Hayes also is addressing a lack of representation in gaming, particularly among avatars. It’s an increasingly critical area, especially as AR/VR/MR/XR technologies are more frequently incorporated into learning environments.
“Factors such as age, race and gender help people trust and connect with others and create a higher level of satisfaction,” says Hayes, who also is conducting preliminary research into the effect of immersive environments on English language learning. “Who would people want as their avatar if they could choose anyone? We want to see what kind of training avatars people choose and which ones are most effective in helping them learn.”

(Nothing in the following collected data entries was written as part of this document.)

context
  fixes \<alpha> :: real and U :: "'a set" and d :: "'a \<Rightarrow> 'a \<Rightarrow> real"
  assumes semimetric: "relaxed_semimetric \<alpha> U d"
begin

lemma relaxed_semimetric_ge_1: "\<alpha> \<ge> 1"
  using semimetric unfolding relaxed_semimetric_def by blast

lemma relaxed_semimetric_nonneg: "u \<in> U \<Longrightarrow> v \<in> U \<Longrightarrow> d u v \<ge> 0"
  using semimetric unfolding relaxed_semimetric_def by blast

lemma relaxed_semimetric_commute: "u \<in> U \<Longrightarrow> v \<in> U \<Longrightarrow> d u v = d v u"
  using semimetric unfolding relaxed_semimetric_def by blast

lemma relaxed_semimetric_self: "u \<in> U \<Longrightarrow> d u u = 0"
  using semimetric unfolding relaxed_semimetric_def by blast

lemma relaxed_semimetric_triangle:
  "u \<in> U \<Longrightarrow> v \<in> U \<Longrightarrow> w \<in> U \<Longrightarrow> d u v \<le> \<alpha> * (d v w + d w u)"
  using semimetric unfolding relaxed_semimetric_def by blast

lemma cross_sum_nonneg: "X \<subseteq> U \<Longrightarrow> Y \<subseteq> U \<Longrightarrow> cross_sum d X Y \<ge> 0"
  unfolding cross_sum_def by (intro sum_nonneg) (auto intro!: relaxed_semimetric_nonneg)

lemma cross_sum_commute: "X \<subseteq> U \<Longrightarrow> Y \<subseteq> U \<Longrightarrow> cross_sum d X Y = cross_sum d Y X"
  unfolding cross_sum_def
  by (subst sum.swap) (intro sum.cong refl, auto intro: relaxed_semimetric_commute)

lemma dsum_eq_cross_sum:
  assumes "finite S" "S \<subseteq> U"
  shows "dsum d S = cross_sum d S S / 2"
proof -
  have "(\<Sum>(u,v)\<in>{(u,v). u \<in> S \<and> v \<in> S \<and> u \<noteq> v}. d u v) = (\<Sum>(u,v)\<in>S \<times> S. d u v)"
    using assms by (intro sum.mono_neutral_left) (auto intro: relaxed_semimetric_self)
  then show ?thesis
    unfolding dsum_def cross_sum_def by (simp add: sum.cartesian_product)
qed

lemma dsum_insert:
  assumes "finite S" "S \<subseteq> U" "u \<in> U" "u \<notin> S"
  shows "dsum d (insert u S) = dsum d S + (\<Sum>v\<in>S. d u v)"
proof -
  have "cross_sum d (insert u S) (insert u S) = (\<Sum>v\<in>S. d u v) + (\<Sum>v\<in>S. d v u) + cross_sum d S S"
    using assms by (simp add: cross_sum_def sum.distrib relaxed_semimetric_self)
  moreover have "(\<Sum>v\<in>S. d v u) = (\<Sum>v\<in>S. d u v)"
    using assms by (intro sum.cong refl) (auto simp: relaxed_semimetric_commute subset_iff)
  ultimately show ?thesis
    using assms by (simp add: dsum_eq_cross_sum)
qed
(* Let $M,N\in\mathbb{N}$ and let $\mathbf{M}(M,N)$ be the Motzkin shift. Let $G'$ be the directed graph with one vertex and $M+N+1$ loops named $\lambda_1,\rho_1,\dots,\rho_M,1_1,\dots,1_N$, and let $X_{G'}$ be its edge shift, so that $\mathcal{B}_n(X_{G'})$ is the set of all words of length $n$ over the alphabet $\{\lambda_1,\rho_1,\dots,\rho_M,1_1,\dots,1_N\}$. Then for every $n\geq 1$ there exists a bijection from the set $$\{x\in P_n(\mathbf{M}(M,N)) : \text{the multiplier of } x \text{ is positive, neutral, or equal to } \lambda_1^k \text{ for some } k\geq 1\}$$ onto $\mathcal{B}_n(X_{G'})$.
   Context: Alphabet $\Sigma=\{\lambda_1,\dots,\lambda_M,\rho_1,\dots,\rho_M,1_1,\dots,1_N\}$. $\mathcal{M}(M,N)$ is the monoid with zero generated by $\Sigma$ and an identity $\mathbf{1}$, subject only to the relations $\lambda_i\rho_i=\mathbf{1}$ ($1\le i\le M$), $\lambda_i\rho_j=0$ ($i\neq j$), $1_i\cdot\alpha=\alpha\cdot 1_i=\alpha$ for all $\alpha\in\Sigma\cup\{\mathbf 1\}$ (so $1_i1_j=\mathbf 1$), $\mathbf 1$ is the identity and $0$ is absorbing; no other relations are imposed (e.g. $\rho_i\lambda_j$ does not reduce). The map $\mathit{red}:\Sigma^*\to\mathcal{M}(M,N)$ sends a word $\alpha_1\cdots\alpha_n$ to the product $\alpha_1\cdot\ldots\cdot\alpha_n$ and the empty word to $\mathbf 1$. The Motzkin shift is $\mathbf{M}(M,N)=\{x\in\Sigma^{\mathbb Z}:\mathit{red}(x_ix_{i+1}\cdots x_j)\neq 0 \text{ for all } i\le j\}$ with the shift map $\sigma$. For a subshift $X$, $\mathcal B_n(X)$ is the set of words of length $n$ occurring in points of $X$, and $P_n(X)=\{x\in X:\sigma^n x=x\}$; each $x\in P_n(X)$ equals $\alpha^\infty$ for the block $\alpha=x_0\cdots x_{n-1}\in\mathcal B_n(X)$ (its $n$-periodic defining block). Let $\mathcal M^+$ be the (free) submonoid generated by $\rho_1,\dots,\rho_M$ and $\mathcal M^-$ the (free) submonoid generated by $\lambda_1,\dots,\lambda_M$. Every block $\alpha$ can be written $\alpha=\alpha_+\alpha_-$ with $\mathit{red}(\alpha_+)\in\mathcal M^+$ and $\mathit{red}(\alpha_-)\in\mathcal M^-$; the multiplier of $\alpha$ (and of $x=\alpha^\infty$) is $\mathit{red}(\alpha_-\alpha_+)$. It is called positive if it lies in $\mathcal M^+\setminus\{\mathbf 1\}$, negative if it lies in $\mathcal M^-\setminus\{\mathbf 1\}$, and neutral if it equals $\mathbf 1$. *)

theory Defs
  imports Main
begin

Of course, Hayes says, when researchers advocate for diversity and representation, they often are met by opposition that everything is “fine the way it is.” It’s an interesting challenge, she says, and one that has shaped her most recent outreach effort. Hayes received several grants — the largest of which came from a community action grant awarded by the American Association of University Women — to support her Girls SURGE into STEM XR Camp. The pilot program launched this summer and focuses on connecting underrepresented female students in grades 6-12 with opportunities to learn about the different kinds of STEM careers and to see women in those fields. The camp, funded through at least the next two summers, was born from a single question: How do I give other girls what I want to give my own daughters to level the playing field so that all students have similar opportunities?
“Educational attainment among wo-men statistically is higher than men, but we’re still not seeing equivalent shifts in the pay gap or more women and people of color on the boards of companies,” Hayes says. “Corporations are saying they’re not finding the qualified people. While some of my research is exploring how to shift HR practices and stakeholders to be more inclusive, I am also working to empower young women and people of color so they can be more likely to shift these needles.”
And really, shifting the needle is what research at UNT is all about — edging ever closer to a better reality for everyone. It’s a mission that grows stronger every year.
“The sheer range of discoveries that our researchers accomplished this year is helping sustain the big challenges our world faces, from racial and ethnic equity to bettering materials for solider protection,” McLellan says. “I am incredibly proud of the dedication and perseverance our research community has shown and their positive contributions to our state and world.”